You can use it. The only downside is that you will add to the sulfates in your water. You also end up adding sulfates when you use non-chlorine shock (potassium monopersulfate or KPMS). This is not a problem unless the sulfates get really high at which point it starts to affect water chemistry a little bit (makes the water more corrosive and less likely to scale), but it would take a heck of a lot of sulfates to cause that so I wouldn't worry about it (300 ppm of sulfates would be equivalent to lowering the pH by 0.1).
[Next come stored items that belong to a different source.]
lemma split_classes_inner_aut:
  assumes "\<sigma> \<in> iso G G" and "inner_aut G \<sigma>"
  shows "split_classes G P Q = split_classes G (\<sigma> ` P) (\<sigma> ` Q)"
proof
  show "split_classes G P Q \<subseteq> split_classes G (\<sigma> ` P) (\<sigma> ` Q)"
    using split_classes_subset_inner_aut[OF assms] .
  interpret image: free_product G "\<sigma> ` P" "\<sigma> ` Q"
    using free_product_image[OF assms(1)] .
  obtain x where x: "x \<in> carrier G" "\<forall>g\<in>carrier G. \<sigma> g = x \<otimes> g \<otimes> inv x"
    using assms(2) unfolding inner_aut_def by blast
  have "inner_aut G (inv_into (carrier G) \<sigma>)"
    unfolding inner_aut_def using inv_into_inner_aut[OF assms(1) x] x(1)
    by (intro bexI[of _ "inv x"]) simp_all
  moreover have "inv_into (carrier G) \<sigma> ` \<sigma> ` H = H" if "H \<subseteq> carrier G" for H
  proof -
    have "inv_into (carrier G) \<sigma> ` \<sigma> ` H = (\<lambda>x. x) ` H"
      unfolding image_image by (rule image_cong) (use that iso_inv_into_apply(1)[OF assms(1)] in auto)
    then show ?thesis
      by simp
  qed
  ultimately show "split_classes G (\<sigma> ` P) (\<sigma> ` Q) \<subseteq> split_classes G P Q"
    using image.split_classes_subset_inner_aut[OF iso_set_sym[OF assms(1)]] P_subset Q_subset by simp
qed

lemma split_classes_same_outer_class:
  assumes "\<tau>1 \<in> iso G G" and "same_outer_class G \<tau>1 \<tau>2"
  shows "split_classes G (\<tau>1 ` P) (\<tau>1 ` Q) = split_classes G (\<tau>2 ` P) (\<tau>2 ` Q)"
proof -
  interpret image: free_product G "\<tau>1 ` P" "\<tau>1 ` Q"
    using free_product_image[OF assms(1)] .
  obtain y where y: "y \<in> carrier G" "\<forall>g\<in>carrier G. \<tau>2 g = y \<otimes> \<tau>1 g \<otimes> inv y"
    using same_outer_class_conjugate[OF assms] by blast
  have "\<tau>2 ` H = (\<lambda>g. y \<otimes> g \<otimes> inv y) ` \<tau>1 ` H" if "H \<subseteq> carrier G" for H
    unfolding image_image by (rule image_cong) (use that y(2) in auto)
  moreover have "inner_aut G (\<lambda>g. y \<otimes> g \<otimes> inv y)"
    unfolding inner_aut_def using y(1) by blast
  ultimately show ?thesis
    using image.split_classes_inner_aut[OF conjugation_iso[OF y(1)]] P_subset Q_subset by simp
qed
lemma thrice_diffD:
  assumes "thrice_diff f f1 f2 f3 S" "x \<in> S"
  shows "(f has_real_derivative f1 x) (at x)" "(f1 has_real_derivative f2 x) (at x)"
    "(f2 has_real_derivative f3 x) (at x)"
  using assms by (auto simp: thrice_diff_def)

lemma DERIV_vanishing_on_open:
  fixes G :: "real \<Rightarrow> real"
  assumes "open S" "x \<in> S" "\<forall>y\<in>S. G y = 0" "(G has_real_derivative d) (at x)"
  shows "d = 0"
proof -
  have "((\<lambda>y. 0) has_real_derivative d) (at x)"
    using has_field_derivative_transform_within_open[OF assms(4,1,2)] assms(3) by auto
  then show ?thesis using DERIV_unique DERIV_const by blast
qed

lemma DERIV_zero_imp_constant_on_convex:
  fixes G :: "real \<Rightarrow> real"
  assumes "convex S" "\<And>y. y \<in> S \<Longrightarrow> (G has_real_derivative 0) (at y)"
  shows "\<exists>c. \<forall>y\<in>S. G y = c"
  using has_field_derivative_zero_constant[OF assms(1)] assms(2)
  by (meson has_field_derivative_at_within)

lemma one_add_power2_gt_zero: "0 < 1 + (t::real)\<^sup>2"
  by (simp add: add_pos_nonneg)

lemma F_circ_eq_iff:
  "z = F_circ x y p q \<longleftrightarrow> z * (1 + p\<^sup>2) = 3 * p * q\<^sup>2"
  using one_add_power2_gt_zero[of p] by (simp add: F_circ_def field_simps)

subsection \<open>Circles and lines solve the equation\<close>

lemma circle_derivative_identities:
  assumes "open S" "thrice_diff f f1 f2 f3 S"
    and circle: "\<forall>x\<in>S. \<nu> * (x\<^sup>2 + (f x)\<^sup>2) - 2 * \<xi> * x - 2 * \<eta> * f x + \<mu> = 0"
    and "x \<in> S"
  shows "\<nu> * x - \<xi> + (\<nu> * f x - \<eta>) * f1 x = 0"
    and "\<nu> + \<nu> * (f1 x)\<^sup>2 + (\<nu> * f x - \<eta>) * f2 x = 0"
    and "3 * \<nu> * f1 x * f2 x + (\<nu> * f x - \<eta>) * f3 x = 0"
proof -
  note d = thrice_diffD[OF assms(2)]
  have E1: "\<forall>y\<in>S. \<nu> * y - \<xi> + (\<nu> * f y - \<eta>) * f1 y = 0"
  proof
    fix y assume y: "y \<in> S"
    have "((\<lambda>x. \<nu> * (x\<^sup>2 + (f x)\<^sup>2) - 2 * \<xi> * x - 2 * \<eta> * f x + \<mu>) has_real_derivative
        2 * (\<nu> * y - \<xi> + (\<nu> * f y - \<eta>) * f1 y)) (at y)"
      using d[OF y] by (auto intro!: derivative_eq_intros simp: algebra_simps)
    from DERIV_vanishing_on_open[OF \<open>open S\<close> y circle this]
    show "\<nu> * y - \<xi> + (\<nu> * f y - \<eta>) * f1 y = 0" by simp
  qed
  have E2: "\<forall>y\<in>S. \<nu> + \<nu> * (f1 y)\<^sup>2 + (\<nu> * f y - \<eta>) * f2 y = 0"
  proof
    fix y assume y: "y \<in> S"
    have "((\<lambda>y. \<nu> * y - \<xi> + (\<nu> * f y - \<eta>) * f1 y) has_real_derivative
        \<nu> + \<nu> * (f1 y)\<^sup>2 + (\<nu> * f y - \<eta>) * f2 y) (at y)"
      using d[OF y] by (auto intro!: derivative_eq_intros simp: power2_eq_square)
    then show "\<nu> + \<nu> * (f1 y)\<^sup>2 + (\<nu> * f y - \<eta>) * f2 y = 0"
      using DERIV_vanishing_on_open[OF \<open>open S\<close> y E1] by simp
  qed
  have "((\<lambda>y. \<nu> + \<nu> * (f1 y)\<^sup>2 + (\<nu> * f y - \<eta>) * f2 y) has_real_derivative
      3 * \<nu> * f1 x * f2 x + (\<nu> * f x - \<eta>) * f3 x) (at x)"
    using d[OF \<open>x \<in> S\<close>] by (auto intro!: derivative_eq_intros simp: algebra_simps)
  then show "3 * \<nu> * f1 x * f2 x + (\<nu> * f x - \<eta>) * f3 x = 0"
    using DERIV_vanishing_on_open[OF \<open>open S\<close> \<open>x \<in> S\<close> E2] by simp
  show "\<nu> * x - \<xi> + (\<nu> * f x - \<eta>) * f1 x = 0" "\<nu> + \<nu> * (f1 x)\<^sup>2 + (\<nu> * f x - \<eta>) * f2 x = 0"
    using E1 E2 \<open>x \<in> S\<close> by auto
qed
lemma res2_infl_eq_zero:
  fixes \<eta> :: "('a set \<Rightarrow> 'a set \<Rightarrow> 'd::ab_group_add) set"
  assumes S: "subgroup S G" and A_subset: "A \<subseteq> S" and divisible: "divisible_ab TYPE('d)"
    and \<eta>: "\<eta> \<in> H2 (G Mod A)"
    and tra: "res2 (G\<lparr>carrier := S\<rparr> Mod A) \<eta> \<in> tra_res_image (G\<lparr>carrier := S\<rparr>) A"
  shows "res2 (G\<lparr>carrier := S\<rparr>) (infl G A \<eta>) = cls (G\<lparr>carrier := S\<rparr>) (\<lambda>_ _. 0)"
proof -
  let ?Q = "G\<lparr>carrier := S\<rparr> Mod A"
  let ?T = "carrier ?Q"
  obtain \<psi> where \<psi>: "addhom G A \<psi>" and "res2 ?Q \<eta> = cls ?Q (restr ?T (tra_cochain \<psi>))"
    using tra_res_image_eq_cls[OF S A_subset divisible tra] by blast
  then have "(restr ?T (rep \<eta>), restr ?T (tra_cochain \<psi>)) \<in> cohom_rel ?Q"
    using res2_Mod_restrict_eq[OF S A_subset \<eta> H2_rep(1)[OF \<eta>]]
      restr_in_cocycles2_Mod_restrict[OF S A_subset H2_rep(2)[OF \<eta>]] by (metis cls_eqD)
  then obtain c where c: "\<And>U V. U \<in> ?T \<Longrightarrow> V \<in> ?T \<Longrightarrow>
      restr ?T (rep \<eta>) U V - restr ?T (tra_cochain \<psi>) U V = c V - c (U \<otimes>\<^bsub>?Q\<^esub> V) + c U"
    by (metis cohom_relE)
  txt \<open>Pulled back to G, the transgression cochain is the coboundary of \<psi> \<circ> offset.\<close>
  have "\<exists>e. \<forall>h\<in>S. \<forall>h'\<in>S. pullback2 G (\<lambda>x. A #> x) (rep \<eta>) h h' = e h' - e (h \<otimes> h') + e h"
  proof (intro exI ballI)
    fix h h' assume h: "h \<in> S" "h' \<in> S"
    then have hG: "h \<in> carrier G" "h' \<in> carrier G" using subgroup.subset[OF S] by auto
    have U: "A #> h \<in> ?T" "A #> h' \<in> ?T" using h carrier_Mod_restrict by auto
    have "pullback2 G (\<lambda>x. A #> x) (rep \<eta>) h h'
        = tra_cochain \<psi> (A #> h) (A #> h') + (c (A #> h') - c (A #> (h \<otimes> h')) + c (A #> h))"
      using c[OF U] U hG rcos_mult[OF hG] unfolding pullback2_def restr_def by (simp add: algebra_simps)
    then show "pullback2 G (\<lambda>x. A #> x) (rep \<eta>) h h'
        = (\<psi> (offset h') + c (A #> h')) - (\<psi> (offset (h \<otimes> h')) + c (A #> (h \<otimes> h')))
          + (\<psi> (offset h) + c (A #> h))"
      using tra_cochain_rcos[OF \<psi> hG] by (simp add: algebra_simps)
  qed
  moreover have pb: "pullback2 G (\<lambda>x. A #> x) (rep \<eta>) \<in> cocycles2 G"
    by (rule pullback2_in_cocycles2[OF r_coset_hom H2_rep(2)[OF \<eta>]])
  ultimately show ?thesis
    unfolding normal.infl_eq_cls_pullback2[OF normal_A \<eta> H2_rep(1)[OF \<eta>]]
    by (subst res2_eq_zero_iff[OF cls_in_H2[OF pb] cls_self[OF pb] S])
qed
lemma collapse_eq_iff: "collapse S z w = y \<longleftrightarrow> (if y = z then w \<in> insert z S else w = y \<and> w \<notin> S)"
  unfolding collapse_def by auto

lemma quotient_edges_collapse:
  "\<forall>e\<in>E. tail e \<noteq> head e \<Longrightarrow> quotient_edges E tail head (collapse S z) =
    {e\<in>E. \<not> (tail e \<in> insert z S \<and> head e \<in> insert z S)}"
  unfolding quotient_edges_def collapse_def by auto

lemma delta_collapse_outside:
  "\<forall>e\<in>E. tail e \<noteq> head e \<Longrightarrow> y \<notin> S \<Longrightarrow> y \<noteq> z \<Longrightarrow>
    delta (quotient_edges E tail head (collapse S z)) (collapse S z \<circ> tail) (collapse S z \<circ> head) y =
    delta E tail head y"
  unfolding delta_def quotient_edges_def collapse_def by auto

lemma delta_collapse_target:
  "delta (quotient_edges E tail head (collapse S z)) (collapse S z \<circ> tail) (collapse S z \<circ> head) z =
    cut_edges E tail head (insert z S)"
  unfolding delta_def quotient_edges_def collapse_def cut_edges_def by auto

lemma sum_collapse_weight:
  assumes "finite V" "S \<subseteq> V" "z \<in> V"
  shows "sum (collapse_weight S z \<mu>) (insert z (V - S)) = sum \<mu> V"
proof -
  have "insert z (V - S) = insert z (V - insert z S)" by auto
  then have "sum (collapse_weight S z \<mu>) (insert z (V - S)) =
      sum \<mu> (insert z S) + sum (collapse_weight S z \<mu>) (V - insert z S)"
    using assms(1) by (simp add: collapse_weight_def)
  also have "sum (collapse_weight S z \<mu>) (V - insert z S) = sum \<mu> (V - insert z S)"
    by (rule sum.cong) (auto simp: collapse_weight_def)
  also have "sum \<mu> (insert z S) + sum \<mu> (V - insert z S) = sum \<mu> V"
    using assms sum.subset_diff[of "insert z S" V \<mu>] by (simp add: add.commute)
  finally show ?thesis .
qed

lemma bnd_collapse:
  assumes G: "oriented_graph V E tail head" and "S \<subseteq> V" "z \<in> V" "y \<in> insert z (V - S)"
  shows "bnd (quotient_edges E tail head (collapse S z)) (collapse S z \<circ> tail) (collapse S z \<circ> head) \<phi> y =
    collapse_weight S z (bnd E tail head (\<phi>::'e \<Rightarrow> 'a::comm_ring_1)) y"
proof -
  have fin: "finite V" "finite E" and ends: "\<forall>e\<in>E. tail e \<in> V \<and> head e \<in> V"
    using G by (auto simp: oriented_graph_def)
  note fiber = bnd_fiber[OF fin ends, where r = "collapse S z" and y = y and \<phi> = \<phi>,
      folded quotient_edges_def]
  show ?thesis
  proof (cases "y = z")
    case True
    then have "{w\<in>V. collapse S z w = y} = insert z S" using assms(2,3) by (auto simp: collapse_eq_iff)
    then show ?thesis using fiber True by (simp add: collapse_weight_def)
  next
    case False
    then have "{w\<in>V. collapse S z w = y} = {y}" using assms(4) by (auto simp: collapse_eq_iff)
    then show ?thesis using fiber False by (simp add: collapse_weight_def)
  qed
qed

lemma bnd_collapse_agree_off:
  assumes G: "oriented_graph V E tail head" and "S \<subseteq> V" "z \<in> V" "y \<in> insert z (V - S)"
    and e: "tail e \<in> insert z S" "head e \<in> insert z S" and agree: "\<And>e'. e' \<noteq> e \<Longrightarrow> \<phi>' e' = \<phi> e'"
  shows "bnd (quotient_edges E tail head (collapse S z)) (collapse S z \<circ> tail) (collapse S z \<circ> head) \<phi> y =
    collapse_weight S z (bnd E tail head (\<phi>'::'e \<Rightarrow> 'a::comm_ring_1)) y"
proof -
  have "e \<notin> quotient_edges E tail head (collapse S z)"
    using e by (auto simp: quotient_edges_def collapse_def)
  then have "bnd (quotient_edges E tail head (collapse S z)) (collapse S z \<circ> tail) (collapse S z \<circ> head) \<phi> y =
      bnd (quotient_edges E tail head (collapse S z)) (collapse S z \<circ> tail) (collapse S z \<circ> head) \<phi>' y"
    using agree by (intro bnd_cong) metis
  then show ?thesis using bnd_collapse[OF assms(1-4)] by simp
qed

section \<open>Nontrivial 2-edge-cuts and deletions\<close>

definition nontrivial_2_cut :: "'v set \<Rightarrow> 'e set \<Rightarrow> ('e \<Rightarrow> 'v) \<Rightarrow> ('e \<Rightarrow> 'v) \<Rightarrow> bool" where
  "nontrivial_2_cut V E tail head \<longleftrightarrow> (\<exists>X\<subseteq>V. card (cut_edges E tail head X) \<le> 2 \<and>
      (\<exists>e\<in>E. tail e \<in> X \<and> head e \<in> X) \<and> (\<exists>e\<in>E. tail e \<in> V - X \<and> head e \<in> V - X))"

lemma nontrivial_2_cut_containing:
  assumes "oriented_graph V E tail head" "nontrivial_2_cut V E tail head" "u \<in> V"
  obtains X where "X \<subseteq> V" "u \<in> X" "card (cut_edges E tail head X) \<le> 2"
    "\<exists>e\<in>E. tail e \<in> X \<and> head e \<in> X" "\<exists>e\<in>E. tail e \<in> V - X \<and> head e \<in> V - X"
proof -
  obtain X where X: "X \<subseteq> V" "card (cut_edges E tail head X) \<le> 2"
    "\<exists>e\<in>E. tail e \<in> X \<and> head e \<in> X" "\<exists>e\<in>E. tail e \<in> V - X \<and> head e \<in> V - X"
    using assms(2) unfolding nontrivial_2_cut_def by blast
  have ends: "\<forall>e\<in>E. tail e \<in> V \<and> head e \<in> V" using assms(1) by (simp add: oriented_graph_def)
  show thesis
  proof (cases "u \<in> X")
    case True then show thesis using that X by blast
  next
    case False
    have "V - (V - X) = X" using X(1) by blast
    then show thesis
      using that[of "V - X"] X False assms(3) cut_edges_complement[OF ends, of X] by auto
  qed
qed

text \<open>A degree-3 vertex cannot have all its edges in a cut of size at most 2.\<close>

lemma inner_edge_at_degree_3:
  assumes "finite E" "c \<in> X" "degree E tail head c = 3" "card (cut_edges E tail head X) \<le> 2"
  shows "\<exists>h\<in>E. tail h \<in> X \<and> head h \<in> X"
proof -
  have "\<not> delta E tail head c \<subseteq> cut_edges E tail head X"
  proof
    assume "delta E tail head c \<subseteq> cut_edges E tail head X"
    then have "card (delta E tail head c) \<le> card (cut_edges E tail head X)"
      by (rule card_mono[OF finite_cut_edges[OF assms(1)]])
    then show False using assms(3,4) by (simp add: degree_def)
  qed
  then obtain h where "h \<in> delta E tail head c" "h \<notin> cut_edges E tail head X" by blast
  then show ?thesis using assms(2) by (auto simp: delta_def cut_edges_def)
qed

lemma two_edge_connected_delete_edge:
  assumes G: "oriented_graph V E tail head" and T: "two_edge_connected V E tail head"
    and N: "\<not> nontrivial_2_cut V E tail head"
    and e0: "e0 \<in> E" "degree E tail head (tail e0) = 3" "degree E tail head (head e0) = 3"
  shows "two_edge_connected V (E - {e0}) tail head"
proof (rule two_edge_connectedI)
  have fin: "finite E" and ends: "\<forall>e\<in>E. tail e \<in> V \<and> head e \<in> V"
    using G by (auto simp: oriented_graph_def)
  show "oriented_graph V (E - {e0}) tail head" using G by (auto simp: oriented_graph_def)
  fix X assume X: "X \<subseteq> V" "X \<noteq> {}" "X \<noteq> V"
  have big: "2 \<le> card (cut_edges E tail head X)" by (rule two_edge_connectedD[OF G T X])
  show "2 \<le> card (cut_edges (E - {e0}) tail head X)"
  proof (rule ccontr)
    assume small: "\<not> ?thesis"
    have e0X: "e0 \<in> cut_edges E tail head X"
    proof (rule ccontr)
      assume "e0 \<notin> cut_edges E tail head X"
      then have "cut_edges (E - {e0}) tail head X = cut_edges E tail head X"
        by (auto simp: cut_edges_Diff)
      then show False using small big by simp
    qed
    have cut2: "card (cut_edges E tail head X) \<le> 2"
      using small card_Diff_singleton[OF e0X] by (simp add: cut_edges_Diff)
    have cut2': "card (cut_edges E tail head (V - X)) \<le> 2"
      using cut2 by (simp add: cut_edges_complement[OF ends])
    obtain c d where cd: "c \<in> X" "d \<in> V - X" "degree E tail head c = 3" "degree E tail head d = 3"
    proof (cases "tail e0 \<in> X")
      case True
      then show thesis using that[of "tail e0" "head e0"] e0 e0X ends by (auto simp: cut_edges_def)
    next
      case False
      then show thesis using that[of "head e0" "tail e0"] e0 e0X ends by (auto simp: cut_edges_def)
    qed
    have "\<exists>h\<in>E. tail h \<in> X \<and> head h \<in> X" "\<exists>h\<in>E. tail h \<in> V - X \<and> head h \<in> V - X"
      using inner_edge_at_degree_3[OF fin cd(1,3) cut2] inner_edge_at_degree_3[OF fin cd(2,4) cut2'] .
    then show False using N X(1) cut2 unfolding nontrivial_2_cut_def by blast
  qed
qed

lemma two_edge_connected_delete_vertex:
  assumes G: "oriented_graph V E tail head" and T: "two_edge_connected V E tail head"
    and N: "\<not> nontrivial_2_cut V E tail head"
    and s: "s \<in> V" "delta E tail head s = {f, g}" "f \<noteq> g"
    and pf: "joins tail head f s p" and qg: "joins tail head g s q"
    and dp: "degree E tail head p = 3" and dq: "degree E tail head q = 3"
  shows "two_edge_connected (V - {s}) (E - {f, g}) tail head"
proof (rule two_edge_connectedI)
  have fin: "finite E" and ends: "\<forall>e\<in>E. tail e \<in> V \<and> head e \<in> V"
    using G by (auto simp: oriented_graph_def)
  have fg: "f \<in> E" "g \<in> E" using s by (auto simp: delta_def)
  have at_s: "e = f \<or> e = g" if "e \<in> E" "tail e = s \<or> head e = s" for e
    using s that by (auto simp: delta_def)
  show "oriented_graph (V - {s}) (E - {f, g}) tail head"
    using G at_s unfolding oriented_graph_def by blast
  fix X assume X: "X \<subseteq> V - {s}" "X \<noteq> {}" "X \<noteq> V - {s}"
  have sX: "s \<notin> X" using X(1) by blast
  have cut_off_s: "e \<in> cut_edges E tail head X \<longleftrightarrow> e \<in> cut_edges (E - {f, g}) tail head X"
    if "e \<noteq> f" "e \<noteq> g" for e
    using that by (simp add: cut_edges_Diff)
  have one_side: "2 \<le> card (cut_edges (E - {f, g}) tail head X)"
    if ab: "a \<in> X" "b \<notin> X" and f'g': "joins tail head f' s a" "joins tail head g' s b" "{f', g'} = {f, g}"
      and da: "degree E tail head a = 3" for a b f' g'
  proof (rule ccontr)
    assume small: "\<not> ?thesis"
    have "f' \<in> E" "g' \<in> E" using f'g'(3) fg by auto
    then have inner: "\<exists>h\<in>E. tail h \<in> V - X \<and> head h \<in> V - X"
      using f'g'(2) ab(2) sX s(1) ends by auto
    have "cut_edges E tail head X \<subseteq> insert f' (cut_edges (E - {f, g}) tail head X)"
    proof
      fix e assume e: "e \<in> cut_edges E tail head X"
      have "e \<noteq> g'" using e f'g'(2) ab(2) sX by (auto simp: cut_edges_def)
      then show "e \<in> insert f' (cut_edges (E - {f, g}) tail head X)"
        using e cut_off_s f'g'(3) by blast
    qed
    then have "card (cut_edges E tail head X) \<le> card (insert f' (cut_edges (E - {f, g}) tail head X))"
      by (intro card_mono) (simp_all add: fin finite_cut_edges)
    also have "\<dots> \<le> 2"
      using small fin by (simp add: card_insert_if finite_cut_edges)
    finally have cut2: "card (cut_edges E tail head X) \<le> 2" .
    then have "\<exists>h\<in>E. tail h \<in> X \<and> head h \<in> X" by (rule inner_edge_at_degree_3[OF fin ab(1) da])
    then show False using N X(1) cut2 inner unfolding nontrivial_2_cut_def by blast
  qed
  show "2 \<le> card (cut_edges (E - {f, g}) tail head X)"
  proof (cases "p \<in> X"; cases "q \<in> X")
    assume "p \<in> X" "q \<in> X"
    then have "cut_edges E tail head (insert s X) = cut_edges (E - {f, g}) tail head X"
      using pf qg at_s sX unfolding cut_edges_def by auto
    moreover have "2 \<le> card (cut_edges E tail head (insert s X))"
      by (rule two_edge_connectedD[OF G T]) (use X s(1) in auto)
    ultimately show ?thesis by simp
  next
    assume "p \<notin> X" "q \<notin> X"
    then have "cut_edges E tail head X = cut_edges (E - {f, g}) tail head X"
      using pf qg sX unfolding cut_edges_def by auto
    moreover have "2 \<le> card (cut_edges E tail head X)"
      by (rule two_edge_connectedD[OF G T]) (use X in auto)
    ultimately show ?thesis by simp
  next
    assume "p \<in> X" "q \<notin> X"
    then show ?thesis using one_side[of p q f g] pf qg dp by simp
  next
    assume "p \<notin> X" "q \<in> X"
    then show ?thesis using one_side[of q p g f] pf qg dq by (simp add: insert_commute)
  qed
qed

section \<open>The extension problem\<close>

text \<open>Hypotheses and conclusion of the theorem as predicates, so that the induction may change the
  graph, the root, the weights and the prescriptions.\<close>

definition extension_problem ::
    "'v set \<Rightarrow> 'e set \<Rightarrow> ('e \<Rightarrow> 'v) \<Rightarrow> ('e \<Rightarrow> 'v) \<Rightarrow> 'v \<Rightarrow> ('v \<Rightarrow> 3) \<Rightarrow> ('e \<Rightarrow> 2) \<Rightarrow> ('e \<Rightarrow> 3) \<Rightarrow> bool" where
  "extension_problem V E tail head u \<mu> \<psi>\<^sub>2 \<psi>\<^sub>3 \<longleftrightarrow>
    oriented_graph V E tail head \<and> two_edge_connected V E tail head \<and> subcubic V E tail head \<and>
    u \<in> V \<and> degree E tail head u = 2 \<and> sum \<mu> V = 0 \<and> (\<forall>v\<in>V. \<mu> v \<noteq> 0 \<longrightarrow> degree E tail head v = 2) \<and>
    bnd E tail head \<psi>\<^sub>3 u = \<mu> u \<and> (\<mu> u = 0 \<longrightarrow> bnd E tail head \<psi>\<^sub>2 u = 0) \<and>
    (\<forall>e\<in>delta E tail head u. \<psi>\<^sub>2 e \<noteq> 0 \<or> \<psi>\<^sub>3 e \<noteq> 0)"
Just get Muriatic Acid whenever you run out of this stuff.
As for how much to use, it is very close to the Muriatic Acid in effective acid concentration per volume, though you can verify this by looking at the bottle to see how much it says to use to lower pH. Though sulfuric acid has two hydrogen (H2SO4) compared to hydrochloric acid (HCl), it is more than double the molecular weight so this along with the 38.5% vs. 31.45% cancels out (I suspect they chose 38.5% concentration so that the acid was close to the 31.45% Muriatic Acid concentration).
One cup of sulfuric acid in 10,000 gallons adds 5.9 ppm of sulfates so it would take a whole lot of acid before you started to see any impact from the sulfates. One cup of non-chlorine shock (KMPS) adds 5.1 ppm of sulfates so is about the same in that effect.